I am wondering how to efficiently compute results when having a list of window_size.

Consider the following dataframe:

import polars as pl

pl.Config(tbl_rows=-1)

df = pl.DataFrame(
    {
        "symbol": ["A", "A", "A", "A", "A", "B", "B", "B", "B"],
        "price": [100, 110, 105, 103, 107, 200, 190, 180, 185],
    }
)

shape: (9, 2)
┌────────┬───────┐
│ symbol ┆ price │
│ ---    ┆ ---   │
│ str    ┆ i64   │
╞════════╪═══════╡
│ A      ┆ 100   │
│ A      ┆ 110   │
│ A      ┆ 105   │
│ A      ┆ 103   │
│ A      ┆ 107   │
│ B      ┆ 200   │
│ B      ┆ 190   │
│ B      ┆ 180   │
│ B      ┆ 185   │
└────────┴───────┘

Let's say I have a list with n elements, such as periods = [2, 3]. I am looking for a solution to compute the rolling means for all periods grouped by symbol in parallel. Speed and memory efficiency is of the essence.

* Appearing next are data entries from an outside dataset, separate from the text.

(* Let $d\ge2$ and $\alpha>0$. The map $F_\alpha:\mathbf{Sym}_d^+\to\mathbb{R}^+$, $F_\alpha(A)=(\det A)^\alpha$, is $\Lambda$-concave if and only if $\alpha\le\frac1{d-1}$.
   Context: $\mathbf{Sym}_d^+$ is the cone of real symmetric positive semi-definite $d\times d$ matrices. A function $F:\mathbf{Sym}_d^+\to\mathbb{R}$ is called $\Lambda$-concave if for all $B,C\in\mathbf{Sym}_d^+$ with $\det(C-B)=0$, the restriction of $F$ to the segment $[B,C]$ is concave, i.e. $t\mapsto F((1-t)B+tC)$ is concave on $[0,1]$. *)

theory Defs
  imports "HOL-Analysis.Analysis"
begin

definition psd_sym :: "(real^'n^'n) set" where
  "psd_sym = {A. transpose A = A \<and> (\<forall>x. 0 \<le> x \<bullet> (A *v x))}"

definition Lambda_concave :: "(real^'n^'n \<Rightarrow> real) \<Rightarrow> bool" where
  "Lambda_concave F \<longleftrightarrow>
     (\<forall>B\<in>psd_sym. \<forall>C\<in>psd_sym. det (C - B) = 0 \<longrightarrow>
        concave_on {0..1} (\<lambda>t::real. F ((1 - t) *\<^sub>R B + t *\<^sub>R C)))"

end

theory Submission
  imports Defs
begin

text \<open>
  If \<open>B\<close> is positive definite and \<open>det (C - B) = 0\<close>, then \<open>B\<close> and \<open>C - B\<close> can be diagonalized
  simultaneously by a congruence, so that along the segment
  \<open>det ((1 - t) B + t C) = c \<Prod>\<^sub>i (1 + \<mu>\<^sub>i t)\<close> with \<open>c > 0\<close>, all factors nonnegative on \<open>[0, 1]\<close>
  and at least one \<open>\<mu>\<^sub>i = 0\<close>. A product of at most \<open>k = d - 1\<close> nonnegative affine functions
  raised to a power \<open>w \<le> 1/k\<close> is concave (normalise at the intermediate point and apply AM-GM).
  Positive semidefinite \<open>B\<close> is handled by replacing \<open>B, C\<close> with \<open>B + \<epsilon>I, C + \<epsilon>I\<close> and letting
  \<open>\<epsilon> \<rightarrow> 0\<close>. Conversely, from the projection onto \<open>e\<^sub>j\<close> to \<open>I\<close> the determinant is
  \<open>t\<^sup>d\<^sup>-\<^sup>1\<close>, and \<open>t \<mapsto> t\<^bsup>(d-1)\<alpha>\<^esup>\<close> is concave only if \<open>(d - 1) \<alpha> \<le> 1\<close>.
\<close>

section \<open>Diagonalization of real symmetric matrices\<close>

lemma symmetric_matrix_inner_commute:
  fixes A :: "real^'n^'n"
  assumes "transpose A = A"
  shows "(A *v x) \<bullet> y = x \<bullet> (A *v y)"
  by (metis assms dot_lmul_matrix transpose_matrix_vector)

lemma eq_0_if_linear_le_quadratic:
  fixes c K :: real
  assumes "\<And>e. e * c \<le> e\<^sup>2 * K"
  shows "c = 0"
proof (rule ccontr)
  assume "c \<noteq> 0"
  define e where "e = c / (2 * (\<bar>K\<bar> + 1))"
  have "c = 2 * (\<bar>K\<bar> + 1) * e" by (simp add: e_def add_pos_nonneg)
  hence "e\<^sup>2 * (2 * (\<bar>K\<bar> + 1)) \<le> e\<^sup>2 * K"
    using assms[of e] by (simp add: power2_eq_square mult.commute mult.left_commute)
  moreover have "e\<^sup>2 > 0" using \<open>c \<noteq> 0\<close> by (simp add: e_def add_pos_nonneg)
  ultimately show False by (smt (verit) abs_ge_self mult_le_cancel_left_pos)
qed

lemma rayleigh_maximizer_is_eigenvector:
  fixes A :: "real^'n^'n"
  assumes sym: "transpose A = A" and S: "subspace S" and inv: "\<And>x. x \<in> S \<Longrightarrow> A *v x \<in> S"
    and v: "v \<in> S" "v \<bullet> v = 1"
    and max: "\<And>x. x \<in> S \<Longrightarrow> x \<bullet> (A *v x) \<le> (v \<bullet> (A *v v)) * (x \<bullet> x)"
  shows "A *v v = (v \<bullet> (A *v v)) *\<^sub>R v"
proof -
  let ?q = "\<lambda>x. x \<bullet> (A *v x)"
  have orth: "w \<bullet> (A *v v) = 0" if "w \<in> S" "w \<bullet> v = 0" for w
  proof -
    have "2 * (w \<bullet> (A *v v)) = 0"
    proof (rule eq_0_if_linear_le_quadratic[where K = "?q v * (w \<bullet> w) - ?q w"])
      fix e :: real
      have ineq: "?q (v + e *\<^sub>R w) \<le> ?q v * ((v + e *\<^sub>R w) \<bullet> (v + e *\<^sub>R w))"
        using v(1) that(1) S by (intro max) (simp add: subspace_add subspace_scale)
      have "v \<bullet> (A *v w) = w \<bullet> (A *v v)"
        using symmetric_matrix_inner_commute[OF sym, of v w] by (simp add: inner_commute)
      then have q: "?q (v + e *\<^sub>R w) = ?q v + e * (2 * (w \<bullet> (A *v v))) + e\<^sup>2 * ?q w"
        by (simp add: power2_eq_square algebra_simps)
      have n: "(v + e *\<^sub>R w) \<bullet> (v + e *\<^sub>R w) = 1 + e\<^sup>2 * (w \<bullet> w)"
        using v(2) that(2) by (simp add: inner_add_left inner_add_right inner_commute power2_eq_square)
      show "e * (2 * (w \<bullet> (A *v v))) \<le> e\<^sup>2 * (?q v * (w \<bullet> w) - ?q w)"
        using ineq unfolding q n by (simp add: algebra_simps)
    qed
    then show ?thesis by simp
  qed
  define u where "u = A *v v - ?q v *\<^sub>R v"
  have "u \<in> S" using inv[OF v(1)] v(1) S by (simp add: u_def subspace_diff subspace_scale)
  moreover have "u \<bullet> v = 0" using v(2) by (simp add: u_def inner_diff_left inner_commute[of "A *v v"])
  ultimately have "u \<bullet> u = 0" using orth by (simp add: u_def inner_diff_right)
  then show ?thesis by (simp add: u_def)
qed

lemma symmetric_matrix_eigenvector_in_invariant_subspace:
  fixes A :: "real^'n^'n"
  assumes sym: "transpose A = A" and S: "subspace S" "S \<noteq> {0}"
    and inv: "\<And>x. x \<in> S \<Longrightarrow> A *v x \<in> S"
  obtains v l where "v \<in> S" "norm v = 1" "A *v v = l *\<^sub>R v"
proof -
  let ?q = "\<lambda>x. x \<bullet> (A *v x)"
  have cpt: "compact (S \<inter> sphere 0 1)"
    by (simp add: closed_subspace S(1) closed_Int_compact)
  obtain y where "y \<in> S" "y \<noteq> 0" using S subspace_0 by blast
  then have "(1 / norm y) *\<^sub>R y \<in> S \<inter> sphere 0 1" using S(1) by (simp add: subspace_scale)
  then have nonempty: "S \<inter> sphere 0 1 \<noteq> {}" by blast
  have "continuous_on (S \<inter> sphere 0 1) ?q"
    by (intro continuous_intros linear_continuous_on matrix_vector_mul_linear)
  then obtain v where "v \<in> S \<inter> sphere 0 1"
    and vmax: "\<And>x. x \<in> S \<inter> sphere 0 1 \<Longrightarrow> ?q x \<le> ?q v"
    using continuous_attains_sup[OF cpt nonempty] by blast
  then have v: "v \<in> S" "norm v = 1" by auto
  have "?q x \<le> ?q v * (x \<bullet> x)" if "x \<in> S" for x
  proof (cases "x = 0")
    case False
    have le: "?q ((1 / norm x) *\<^sub>R x) \<le> ?q v"
      using that False S(1) by (intro vmax) (simp add: subspace_scale)
    have "?q ((1 / norm x) *\<^sub>R x) = ?q x / (x \<bullet> x)"
      by (simp add: matrix_vector_mult_scaleR dot_square_norm power2_eq_square)
    with le have "?q x / (x \<bullet> x) \<le> ?q v" by argo
    moreover have "x \<bullet> x > 0" using False by simp
    ultimately show ?thesis by (simp add: divide_le_eq mult.commute)
  qed simp
  moreover have "v \<bullet> v = 1" using v(2) by (simp add: dot_square_norm)
  ultimately have "A *v v = ?q v *\<^sub>R v"
    using rayleigh_maximizer_is_eigenvector[OF sym S(1) inv v(1)] by blast
  with v that show ?thesis by blast
qed

lemma symmetric_matrix_orthonormal_eigenvectors:
  fixes A :: "real^'n^'n"
  assumes sym: "transpose A = A"
  shows "subspace S \<Longrightarrow> (\<And>x. x \<in> S \<Longrightarrow> A *v x \<in> S) \<Longrightarrow>
    \<exists>E. finite E \<and> card E = dim S \<and> E \<subseteq> S \<and> pairwise orthogonal E \<and>
      (\<forall>x\<in>E. norm x = 1 \<and> (\<exists>l. A *v x = l *\<^sub>R x))"
proof (induction "dim S" arbitrary: S)
  case 0
  then show ?case by (intro exI[of _ "{}"]) auto
next
  case (Suc k)
  then have "S \<noteq> {0}" by auto
  with Suc.prems obtain v l where v: "v \<in> S" "norm v = 1" "A *v v = l *\<^sub>R v"
    by (metis symmetric_matrix_eigenvector_in_invariant_subspace[OF sym])
  define S' where "S' = {y \<in> S. orthogonal v y}"
  have sub': "subspace S'"
    unfolding S'_def orthogonal_def using Suc.prems(1) by (auto simp: subspace_def inner_add_right)
  have inv': "A *v x \<in> S'" if "x \<in> S'" for x
  proof -
    have "v \<bullet> (A *v x) = l * (v \<bullet> x)"
      using symmetric_matrix_inner_commute[OF sym, of v x] v(3) by simp
    then show ?thesis using that Suc.prems(2) unfolding S'_def orthogonal_def by auto
  qed
  have "S' = {y \<in> S. \<forall>x \<in> span {v}. orthogonal x y}"
    unfolding S'_def by (auto simp: span_singleton orthogonal_def)
  then have "dim S' + dim (span {v}) = dim S"
    using dim_subspace_orthogonal_to_vectors[of "span {v}" S] Suc.prems(1) v(1)
    by (simp add: span_minimal)
  moreover have "dim (span {v}) = 1" using v(2) by auto
  ultimately have "dim S' = k" using Suc.hyps(2) by simp
  then obtain E where E: "finite E" "card E = k" "E \<subseteq> S'" "pairwise orthogonal E"
    "\<forall>x\<in>E. norm x = 1 \<and> (\<exists>l. A *v x = l *\<^sub>R x)"
    using Suc.hyps(1)[OF _ sub' inv'] by metis
  have "v \<notin> E" using E(3) v(2) by (auto simp: S'_def orthogonal_def)
  then show ?case
    using E v Suc.hyps(2) unfolding S'_def
    by (intro exI[of _ "insert v E"]) (auto simp: pairwise_insert orthogonal_commute)
qed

The result should be a tidy/long dataframe like this:

shape: (18, 4)
┌────────┬───────┬─────────────┬──────────────┐
│ symbol ┆ price ┆ mean_period ┆ rolling_mean │
│ ---    ┆ ---   ┆ ---         ┆ ---          │
│ str    ┆ i64   ┆ u8          ┆ f64          │
╞════════╪═══════╪═════════════╪══════════════╡
│ A      ┆ 100   ┆ 2           ┆ null         │
│ A      ┆ 110   ┆ 2           ┆ 105.0        │
│ A      ┆ 105   ┆ 2           ┆ 107.5        │
│ A      ┆ 103   ┆ 2           ┆ 104.0        │
│ A      ┆ 107   ┆ 2           ┆ 105.0        │
│ B      ┆ 200   ┆ 2           ┆ null         │
│ B      ┆ 190   ┆ 2           ┆ 195.0        │
│ B      ┆ 180   ┆ 2           ┆ 185.0        │
│ B      ┆ 185   ┆ 2           ┆ 182.5        │
│ A      ┆ 100   ┆ 3           ┆ null         │
│ A      ┆ 110   ┆ 3           ┆ null         │
│ A      ┆ 105   ┆ 3           ┆ 105.0        │
│ A      ┆ 103   ┆ 3           ┆ 106.0        │
│ A      ┆ 107   ┆ 3           ┆ 105.0        │
│ B      ┆ 200   ┆ 3           ┆ null         │
│ B      ┆ 190   ┆ 3           ┆ null         │
│ B      ┆ 180   ┆ 3           ┆ 190.0        │
│ B      ┆ 185   ┆ 3           ┆ 185.0        │
└────────┴───────┴─────────────┴──────────────┘

Solution

  • You can use comprehension to generate a DataFrame for each value in periods list and then concat() DataFrames into single long DataFrame:

    periods = [2, 3]
    
    pl.concat(
        df.with_columns(
            mean_period = pl.lit(p),
            rolling_mean = pl.col.price.rolling_mean(p).over("symbol")
        )
        for p in periods
    )
    
    ┌────────┬───────┬─────────────┬──────────────┐
    │ symbol ┆ price ┆ mean_period ┆ rolling_mean │
    │ ---    ┆ ---   ┆ ---         ┆ ---          │
    │ str    ┆ i64   ┆ i32         ┆ f64          │
    ╞════════╪═══════╪═════════════╪══════════════╡
    │ A      ┆ 100   ┆ 2           ┆ null         │
    │ A      ┆ 110   ┆ 2           ┆ 105.0        │
    │ A      ┆ 105   ┆ 2           ┆ 107.5        │
    │ A      ┆ 103   ┆ 2           ┆ 104.0        │
    │ A      ┆ 107   ┆ 2           ┆ 105.0        │
    │ B      ┆ 200   ┆ 2           ┆ null         │
    │ B      ┆ 190   ┆ 2           ┆ 195.0        │
    │ B      ┆ 180   ┆ 2           ┆ 185.0        │
    │ B      ┆ 185   ┆ 2           ┆ 182.5        │
    │ A      ┆ 100   ┆ 3           ┆ null         │
    │ A      ┆ 110   ┆ 3           ┆ null         │
    │ A      ┆ 105   ┆ 3           ┆ 105.0        │
    │ A      ┆ 103   ┆ 3           ┆ 106.0        │
    │ A      ┆ 107   ┆ 3           ┆ 105.0        │
    │ B      ┆ 200   ┆ 3           ┆ null         │
    │ B      ┆ 190   ┆ 3           ┆ null         │
    │ B      ┆ 180   ┆ 3           ┆ 190.0        │
    │ B      ┆ 185   ┆ 3           ┆ 185.0        │
    └────────┴───────┴─────────────┴──────────────┘